Vamos supor que a resposta para o novo coronavírus esteja em nosso genoma. Você o editaria de todos os embriões para evitar um bloqueio futuro? Quão longe é longe demais? Nossas opiniões sobre tudo isso provavelmente mudarão rapidamente.
Algumas pessoas pensaram que a fertilização in vitro era escandalosa e antinatural há 40 anos, mas hoje muitos considerariam um direito humano básico. Hoje estamos chocados com o que será considerado um direito humano básico em mais 40 anos? Ou talvez leve apenas 10.
A revolução digital cumpriu muitas de nossas esperanças e sonhos, mas também nos trouxe alguns problemas muito complexos – alguns previsíveis, outros inimagináveis. A web evoluiu sem controle ou regulamentação centralizada e acreditamos fervorosamente que o que era bom para a internet era bom para a humanidade.
E se imaginássemos ativamente esta próxima fase e a projetássemos conscientemente para resultados específicos, incluindo um foco na equidade? Talvez estejamos mais sábios desta vez. As apostas são certamente mais altas – literalmente vida e morte. Precisamos gerenciar essa próxima revolução mais de perto e supervisioná-la mais abertamente. Não estou sugerindo que elaboremos um plano diretor para a humanidade. Afinal, mutações aleatórias provavelmente frustrariam nossos planos. Mas a cultura, incluindo os cenários que imaginamos, as histórias que contamos e nossas decisões sobre quais tecnologias financiar ou comprar, determinarão nosso futuro. Agora é a hora de garantir que a cultura que criamos inclua todas as vozes.

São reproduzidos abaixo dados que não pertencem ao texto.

lemma scalar_prod_mat_adjoint:
  fixes Y :: "complex mat"
  assumes "Y \<in> carrier_mat n k" and "v \<in> carrier_vec n" and "w \<in> carrier_vec k"
  shows "scalar_prod (conjugate v) (Y *\<^sub>v w) = scalar_prod (conjugate (mat_adjoint Y *\<^sub>v v)) w"
proof -
  have "scalar_prod (conjugate v) (Y *\<^sub>v w) = (\<Sum>r<n. \<Sum>u<k. cnj (v $ r) * Y $$ (r, u) * w $ u)"
    using assms by (simp add: scalar_prod_def sum_distrib_left atLeast0LessThan mult.assoc)
  also have "\<dots> = (\<Sum>u<k. \<Sum>r<n. cnj (v $ r) * Y $$ (r, u) * w $ u)"
    by (rule sum.swap)
  also have "\<dots> = scalar_prod (conjugate (mat_adjoint Y *\<^sub>v v)) w"
    using assms by (simp add: scalar_prod_def sum_distrib_left sum_distrib_right atLeast0LessThan
        mult.commute mult.left_commute)
  finally show ?thesis .
qed

text \<open>If \<open>(Y Y\<^sup>* - \<zeta>) v = 0\<close> then \<open>\<zeta> |v|\<^sup>2 = |Y\<^sup>* v|\<^sup>2\<close>, so \<open>v = 0\<close> unless \<open>\<zeta>\<close> is real.\<close>
lemma det_gram_minus_nonreal_nonzero:
  fixes Y :: "complex mat"
  assumes Y: "Y \<in> carrier_mat n n" and \<zeta>: "Im \<zeta> \<noteq> 0"
  shows "det (Y * mat_adjoint Y - \<zeta> \<cdot>\<^sub>m 1\<^sub>m n) \<noteq> 0"
proof
  let ?B = "Y * mat_adjoint Y - \<zeta> \<cdot>\<^sub>m 1\<^sub>m n"
  assume "det ?B = 0"
  moreover have "?B \<in> carrier_mat n n"
    by (intro minus_carrier_mat) simp
  ultimately obtain v where v: "v \<in> carrier_vec n" "v \<noteq> 0\<^sub>v n" and Bv: "?B *\<^sub>v v = 0\<^sub>v n"
    using det_0_iff_vec_prod_zero by blast
  define w where "w = mat_adjoint Y *\<^sub>v v"
  have w: "w \<in> carrier_vec n"
    unfolding w_def using mat_adjoint_carrier[OF Y] v(1) by (rule mult_mat_vec_carrier)
  have "(\<zeta> \<cdot>\<^sub>m 1\<^sub>m n) *\<^sub>v v = \<zeta> \<cdot>\<^sub>v v"
    using v by (intro eq_vecI) auto
  moreover have "?B *\<^sub>v v = (Y * mat_adjoint Y) *\<^sub>v v - (\<zeta> \<cdot>\<^sub>m 1\<^sub>m n) *\<^sub>v v"
    using mult_carrier_mat[OF Y mat_adjoint_carrier[OF Y]] v(1)
    by (intro minus_mult_distrib_mat_vec[of _ n n]) simp_all
  ultimately have "?B *\<^sub>v v = Y *\<^sub>v w - \<zeta> \<cdot>\<^sub>v v"
    using Y v mat_adjoint_carrier[OF Y] by (simp add: w_def)
  moreover have "Y *\<^sub>v w \<in> carrier_vec n"
    using Y w by (rule mult_mat_vec_carrier)
  ultimately have "conjugate v \<bullet> (Y *\<^sub>v w) - \<zeta> * (conjugate v \<bullet> v) = conjugate v \<bullet> (?B *\<^sub>v v)"
    using v by (simp add: scalar_prod_minus_distrib[of _ n])
  then have "conjugate v \<bullet> (Y *\<^sub>v w) = \<zeta> * (conjugate v \<bullet> v)"
    using Bv v by simp
  then have "w \<bullet>c w = \<zeta> * (v \<bullet>c v)"
    using scalar_prod_mat_adjoint[OF Y v(1) w] conjugate_vec_sprod_comm[OF v(1) v(1)]
      conjugate_vec_sprod_comm[OF w w] by (simp add: w_def)
  moreover have "w \<bullet>c w \<ge> 0" and "v \<bullet>c v > 0"
    using v by auto
  ultimately show False
    using \<zeta> by (auto simp: less_eq_complex_def less_complex_def)
qed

Sobrevivemos e evoluímos porque estamos alertas aos perigos que espreitam por toda parte. Mas o Homo sapiens é único entre as espécies, pois também podemos visualizar um futuro e depois fazê-lo acontecer. Sem essa habilidade, não ousaríamos deixar nossas cavernas. As pessoas na vanguarda das ciências da vida estão nos mostrando enormes potenciais benefícios tecnológicos, de saúde pública, ambientais, financeiros e sociais.
O que imaginamos se torna o que construímos. É hora de descrever possíveis futuros que as pessoas podem reunir em vez de temer.
Não vamos perder a crise do coronavírus.